Stored data entries
☆ ☆ ☆ ☆ ☆
(* Let $R$ be a bounded dominant region of $\mathcal A^m_\Phi$ and let $w_R\in W_a$ be the unique element with $r(w_R,\alpha)=r_\alpha(\phi(R))$ for all $\alpha\in\Phi^+$. Then $w_R$ is the unique $w\in W_a$ such that $wA_\circ\subseteq R$ and, whenever $\alpha\in\Phi^+$, $r\in\mathbb Z$ and $(\alpha,x)>r$ holds for some $x\in R$, we have $(\alpha,x)>r$ for all $x\in wA_\circ$.
   Context: $\Phi$ irreducible crystallographic of rank $\ell$ in Euclidean $V$, positive system $\Phi^+$, simple roots $\Pi=\{\sigma_i\}$, highest root $\tilde\alpha$, $m\ge1$. $\mathcal A^m_\Phi$: hyperplanes $H_{\alpha,k}=\{x:(\alpha,x)=k\}$, $\alpha\in\Phi$, $0\le k\le m$; dominant: inside $\{x:(\alpha,x)>0\ \forall\alpha\in\Phi^+\}$. $W_a$: group generated by reflections in all $H_{\alpha,k}$, $k\in\mathbb Z$; $A_\circ=\{x:(\sigma_i,x)>0,\ (\tilde\alpha,x)<1\}$; $r(w,\alpha)$ is the integer $r$ with $r-1<(\alpha,x)<r$ on $wA_\circ$. $\phi(R)$ is the chain $\emptyset=\mathcal J_0\subseteq\cdots\subseteq\mathcal J_m$ with $\mathcal J_r=\{\alpha\in\Phi^+:(\alpha,x)<r \text{ on } R\}$, which is a positive geometric chain of ideals (ideals in the root poset with $(\mathcal J_i+\mathcal J_j)\cap\Phi^+\subseteq\mathcal J_{i+j}$ for $i+j\le m$, the complements $\mathcal I_i$ satisfying $(\mathcal I_i+\mathcal I_j)\cap\Phi^+\subseteq\mathcal I_{i+j}$ with $\mathcal I_i=\mathcal I_m$ for $i>m$, and $\Pi\subseteq\mathcal J_m$). For such a chain, $r_\alpha(\mathcal J)=\min\{r_1+\dots+r_k:\alpha=\alpha_1+\dots+\alpha_k,\ \alpha_i\in\mathcal J_{r_i}\}$; there is a unique $w\in W_a$ with $r(w,\alpha)=r_\alpha(\mathcal J)$ for all $\alpha\in\Phi^+$. *)

theory Defs
  imports "HOL-Analysis.Analysis"
begin

definition refl_vec :: "'a::euclidean_space \<Rightarrow> 'a \<Rightarrow> 'a" where
  "refl_vec \<alpha> x = x - ((2 * (\<alpha> \<bullet> x)) / (\<alpha> \<bullet> \<alpha>)) *\<^sub>R \<alpha>"

definition crystallographic_root_system :: "'a::euclidean_space set \<Rightarrow> bool" where
  "crystallographic_root_system \<Phi> \<longleftrightarrow>
     finite \<Phi> \<and> 0 \<notin> \<Phi> \<and> span \<Phi> = UNIV \<and>
     (\<forall>\<alpha>\<in>\<Phi>. \<forall>\<beta>\<in>\<Phi>. refl_vec \<alpha> \<beta> \<in> \<Phi>) \<and>
     (\<forall>\<alpha>\<in>\<Phi>. \<forall>c::real. c *\<^sub>R \<alpha> \<in> \<Phi> \<longrightarrow> c = 1 \<or> c = -1) \<and>
     (\<forall>\<alpha>\<in>\<Phi>. \<forall>\<beta>\<in>\<Phi>. (2 * (\<alpha> \<bullet> \<beta>)) / (\<alpha> \<bullet> \<alpha>) \<in> \<int>)"

definition irreducible_rs :: "'a::euclidean_space set \<Rightarrow> bool" where
  "irreducible_rs \<Phi> \<longleftrightarrow>
     \<not> (\<exists>A B. A \<union> B = \<Phi> \<and> A \<inter> B = {} \<and> A \<noteq> {} \<and> B \<noteq> {} \<and>
            (\<forall>\<alpha>\<in>A. \<forall>\<beta>\<in>B. \<alpha> \<bullet> \<beta> = 0))"

definition nnint_comb :: "'a::euclidean_space set \<Rightarrow> 'a \<Rightarrow> bool" where
  "nnint_comb S v \<longleftrightarrow> (\<exists>c. (\<forall>\<sigma>\<in>S. c \<sigma> \<in> \<nat>) \<and> v = (\<Sum>\<sigma>\<in>S. c \<sigma> *\<^sub>R \<sigma>))"

definition simple_system :: "'a::euclidean_space set \<Rightarrow> 'a set \<Rightarrow> bool" where
  "simple_system \<Phi> S \<longleftrightarrow> S \<subseteq> \<Phi> \<and> independent S \<and>
     (\<forall>\<alpha>\<in>\<Phi>. nnint_comb S \<alpha> \<or> nnint_comb S (- \<alpha>))"

definition pos_roots :: "'a::euclidean_space set \<Rightarrow> 'a set \<Rightarrow> 'a set" where
  "pos_roots \<Phi> S = {\<alpha>\<in>\<Phi>. nnint_comb S \<alpha>}"

definition highest_root :: "'a::euclidean_space set \<Rightarrow> 'a set \<Rightarrow> 'a \<Rightarrow> bool" where
  "highest_root \<Phi> S h \<longleftrightarrow> h \<in> pos_roots \<Phi> S \<and>
     (\<forall>\<beta>\<in>pos_roots \<Phi> S. nnint_comb S (h - \<beta>))"

definition shi_hyperplanes :: "'a::euclidean_space set \<Rightarrow> nat \<Rightarrow> 'a set set" where
  "shi_hyperplanes \<Phi> m = {{x. \<alpha> \<bullet> x = real k} | \<alpha> k. \<alpha> \<in> \<Phi> \<and> k \<le> m}"

definition is_region :: "'a::euclidean_space set \<Rightarrow> nat \<Rightarrow> 'a set \<Rightarrow> bool" where
  "is_region \<Phi> m R \<longleftrightarrow>
     (\<exists>x. x \<notin> \<Union>(shi_hyperplanes \<Phi> m) \<and>
          R = connected_component_set (- \<Union>(shi_hyperplanes \<Phi> m)) x)"

definition dominant :: "'a::euclidean_space set \<Rightarrow> 'a set \<Rightarrow> 'a set \<Rightarrow> bool" where
  "dominant \<Phi> S R \<longleftrightarrow> R \<subseteq> {x. \<forall>\<alpha>\<in>pos_roots \<Phi> S. \<alpha> \<bullet> x > 0}"

definition aff_refl :: "'a::euclidean_space \<Rightarrow> int \<Rightarrow> 'a \<Rightarrow> 'a" where
  "aff_refl \<alpha> k x = x - (((\<alpha> \<bullet> x) - real_of_int k) * 2 / (\<alpha> \<bullet> \<alpha>)) *\<^sub>R \<alpha>"

text \<open>Group generated by the reflections in all hyperplanes H_{alpha,k}, k integer
  (the reflections are involutions, so closure under left composition suffices).\<close>
inductive_set affine_weyl :: "'a::euclidean_space set \<Rightarrow> ('a \<Rightarrow> 'a) set" for \<Phi> where
  id_in: "id \<in> affine_weyl \<Phi>"
| refl_comp: "w \<in> affine_weyl \<Phi> \<Longrightarrow> \<alpha> \<in> \<Phi> \<Longrightarrow> aff_refl \<alpha> k \<circ> w \<in> affine_weyl \<Phi>"

definition fund_alcove :: "'a::euclidean_space set \<Rightarrow> 'a \<Rightarrow> 'a set" where
  "fund_alcove S h = {x. (\<forall>\<sigma>\<in>S. \<sigma> \<bullet> x > 0) \<and> h \<bullet> x < 1}"

definition r_of :: "'a::euclidean_space set \<Rightarrow> ('a \<Rightarrow> 'a) \<Rightarrow> 'a \<Rightarrow> int" where
  "r_of A w \<alpha> = (THE r::int. \<forall>x\<in>w ` A. real_of_int r - 1 < \<alpha> \<bullet> x \<and> \<alpha> \<bullet> x < real_of_int r)"

definition phi_chain :: "'a::euclidean_space set \<Rightarrow> 'a set \<Rightarrow> 'a set \<Rightarrow> nat \<Rightarrow> 'a set" where
  "phi_chain \<Phi> S R r = {\<alpha>\<in>pos_roots \<Phi> S. \<forall>x\<in>R. \<alpha> \<bullet> x < real r}"

text \<open>r_alpha(J) for a chain J_0,...,J_m: minimum of r_1+...+r_k over decompositions
  alpha = alpha_1+...+alpha_k (k >= 1) with alpha_i in J_{r_i}, 0 <= r_i <= m.\<close>
definition r_alpha :: "(nat \<Rightarrow> 'a::euclidean_space set) \<Rightarrow> nat \<Rightarrow> 'a \<Rightarrow> nat" where
  "r_alpha J m \<alpha> = (LEAST n. \<exists>ps :: ('a \<times> nat) list. ps \<noteq> [] \<and>
       (\<forall>(\<beta>, i)\<in>set ps. i \<le> m \<and> \<beta> \<in> J i) \<and>
       sum_list (map fst ps) = \<alpha> \<and> sum_list (map snd ps) = n)"

end

theory Submission
  imports Defs
begin

text \<open>Every element \<open>w\<close> of the affine Weyl group is a word in affine reflections, so it permutes
  the affine roots \<open>x \<mapsto> (\<alpha>, x) - k\<close>; hence for every root \<open>\<alpha>\<close> the alcove \<open>w A\<^sub>\<circ>\<close> lies in a
  strip \<open>r - 1 < (\<alpha>, x) < r\<close> and \<open>r(w, \<alpha>)\<close> is well defined. The group is generated by the
  reflections in the walls of \<open>A\<^sub>\<circ>\<close>, and a word in them that separates no positive affine root
  from \<open>A\<^sub>\<circ>\<close> can be shortened (deletion condition); so the action on alcoves is free and \<open>w\<close> is
  determined by the numbers \<open>r(w, \<alpha>)\<close>, \<open>\<alpha> \<in> \<Phi>\<^sup>+\<close>.

  For a bounded dominant region \<open>R\<close>, a ray argument gives \<open>(\<sigma>, x) < m\<close> on \<open>R\<close> for simple \<open>\<sigma>\<close>,
  so every positive root has an admissible decomposition and \<open>(\<alpha>, x) < r\<^sub>\<alpha>(\<phi>(R))\<close> on \<open>R\<close>.
  If \<open>r(w, \<alpha>) = r\<^sub>\<alpha>(\<phi>(R))\<close> for all \<open>\<alpha>\<close>, then \<open>(\<alpha>, x) > r\<^sub>\<alpha> - 1\<close> on \<open>w A\<^sub>\<circ>\<close>, which is the
  minimality property; moreover \<open>w A\<^sub>\<circ>\<close> lies on the same side of each \<open>H\<^sub>\<alpha>\<^sub>,\<^sub>k\<close>, \<open>k \<le> m\<close>, as
  \<open>R\<close> (if \<open>R\<close> is below \<open>H\<^sub>\<alpha>\<^sub>,\<^sub>k\<close> then \<open>\<alpha> \<in> J\<^sub>k\<close>, so \<open>r\<^sub>\<alpha> \<le> k\<close>), hence \<open>w A\<^sub>\<circ> \<subseteq> R\<close>.
  Conversely, any \<open>w\<close> with the two properties has \<open>r(w, \<alpha>) = r\<^sub>\<alpha>(\<phi>(R))\<close>, the lower bound coming
  from the points of \<open>w\<^sub>R A\<^sub>\<circ> \<subseteq> R\<close>; by freeness \<open>w = w\<^sub>R\<close>.\<close>

lemma r_of_eqI:
  assumes "A \<noteq> {}" "\<forall>y\<in>w ` A. of_int r - 1 < \<alpha> \<bullet> y \<and> \<alpha> \<bullet> y < of_int r"
  shows "r_of A w \<alpha> = r"
  unfolding r_of_def
proof (rule the_equality)
  fix r' assume r': "\<forall>y\<in>w ` A. of_int r' - 1 < \<alpha> \<bullet> y \<and> \<alpha> \<bullet> y < of_int r'"
  obtain x where "x \<in> A" using assms(1) by blast
  then have "of_int r' - 1 < \<alpha> \<bullet> w x" "\<alpha> \<bullet> w x < of_int r'"
    "of_int r - 1 < \<alpha> \<bullet> w x" "\<alpha> \<bullet> w x < of_int r" using assms(2) r' by auto
  then show "r' = r" by linarith
qed (use assms(2) in blast)

locale simple_root_system =
  fixes \<Phi> S :: "'a::euclidean_space set" and h :: 'a
  assumes root_system: "crystallographic_root_system \<Phi>"
    and simple: "simple_system \<Phi> S" and highest: "highest_root \<Phi> S h"
begin

lemma finite_roots: "finite \<Phi>"
  and span_roots: "span \<Phi> = UNIV"
  and refl_vec_root: "\<alpha> \<in> \<Phi> \<Longrightarrow> \<beta> \<in> \<Phi> \<Longrightarrow> refl_vec \<alpha> \<beta> \<in> \<Phi>"
  and root_multiple: "\<alpha> \<in> \<Phi> \<Longrightarrow> c *\<^sub>R \<alpha> \<in> \<Phi> \<Longrightarrow> c = 1 \<or> c = -1"
  and cartan_integer: "\<alpha> \<in> \<Phi> \<Longrightarrow> \<beta> \<in> \<Phi> \<Longrightarrow> 2 * (\<alpha> \<bullet> \<beta>) / (\<alpha> \<bullet> \<alpha>) \<in> \<int>"
  and root_nonzero: "\<alpha> \<in> \<Phi> \<Longrightarrow> \<alpha> \<noteq> 0"
  using root_system unfolding crystallographic_root_system_def by auto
☆ ☆ ☆ ☆ ☆
Exercise directions:
Return, unchanged, the run of lines above that opens with the line containing "theory Defs" and closes with the line containing "(\<forall>\<beta>\<in>pos_roots \<Phi> S.". Include both.

Expected answer:
theory Defs
  imports "HOL-Analysis.Analysis"
begin

definition refl_vec :: "'a::euclidean_space \<Rightarrow> 'a \<Rightarrow> 'a" where
  "refl_vec \<alpha> x = x - ((2 * (\<alpha> \<bullet> x)) / (\<alpha> \<bullet> \<alpha>)) *\<^sub>R \<alpha>"

definition crystallographic_root_system :: "'a::euclidean_space set \<Rightarrow> bool" where
  "crystallographic_root_system \<Phi> \<longleftrightarrow>
     finite \<Phi> \<and> 0 \<notin> \<Phi> \<and> span \<Phi> = UNIV \<and>
     (\<forall>\<alpha>\<in>\<Phi>. \<forall>\<beta>\<in>\<Phi>. refl_vec \<alpha> \<beta> \<in> \<Phi>) \<and>
     (\<forall>\<alpha>\<in>\<Phi>. \<forall>c::real. c *\<^sub>R \<alpha> \<in> \<Phi> \<longrightarrow> c = 1 \<or> c = -1) \<and>
     (\<forall>\<alpha>\<in>\<Phi>. \<forall>\<beta>\<in>\<Phi>. (2 * (\<alpha> \<bullet> \<beta>)) / (\<alpha> \<bullet> \<alpha>) \<in> \<int>)"

definition irreducible_rs :: "'a::euclidean_space set \<Rightarrow> bool" where
  "irreducible_rs \<Phi> \<longleftrightarrow>
     \<not> (\<exists>A B. A \<union> B = \<Phi> \<and> A \<inter> B = {} \<and> A \<noteq> {} \<and> B \<noteq> {} \<and>
            (\<forall>\<alpha>\<in>A. \<forall>\<beta>\<in>B. \<alpha> \<bullet> \<beta> = 0))"

definition nnint_comb :: "'a::euclidean_space set \<Rightarrow> 'a \<Rightarrow> bool" where
  "nnint_comb S v \<longleftrightarrow> (\<exists>c. (\<forall>\<sigma>\<in>S. c \<sigma> \<in> \<nat>) \<and> v = (\<Sum>\<sigma>\<in>S. c \<sigma> *\<^sub>R \<sigma>))"

definition simple_system :: "'a::euclidean_space set \<Rightarrow> 'a set \<Rightarrow> bool" where
  "simple_system \<Phi> S \<longleftrightarrow> S \<subseteq> \<Phi> \<and> independent S \<and>
     (\<forall>\<alpha>\<in>\<Phi>. nnint_comb S \<alpha> \<or> nnint_comb S (- \<alpha>))"

definition pos_roots :: "'a::euclidean_space set \<Rightarrow> 'a set \<Rightarrow> 'a set" where
  "pos_roots \<Phi> S = {\<alpha>\<in>\<Phi>. nnint_comb S \<alpha>}"

definition highest_root :: "'a::euclidean_space set \<Rightarrow> 'a set \<Rightarrow> 'a \<Rightarrow> bool" where
  "highest_root \<Phi> S h \<longleftrightarrow> h \<in> pos_roots \<Phi> S \<and>
     (\<forall>\<beta>\<in>pos_roots \<Phi> S. nnint_comb S (h - \<beta>))"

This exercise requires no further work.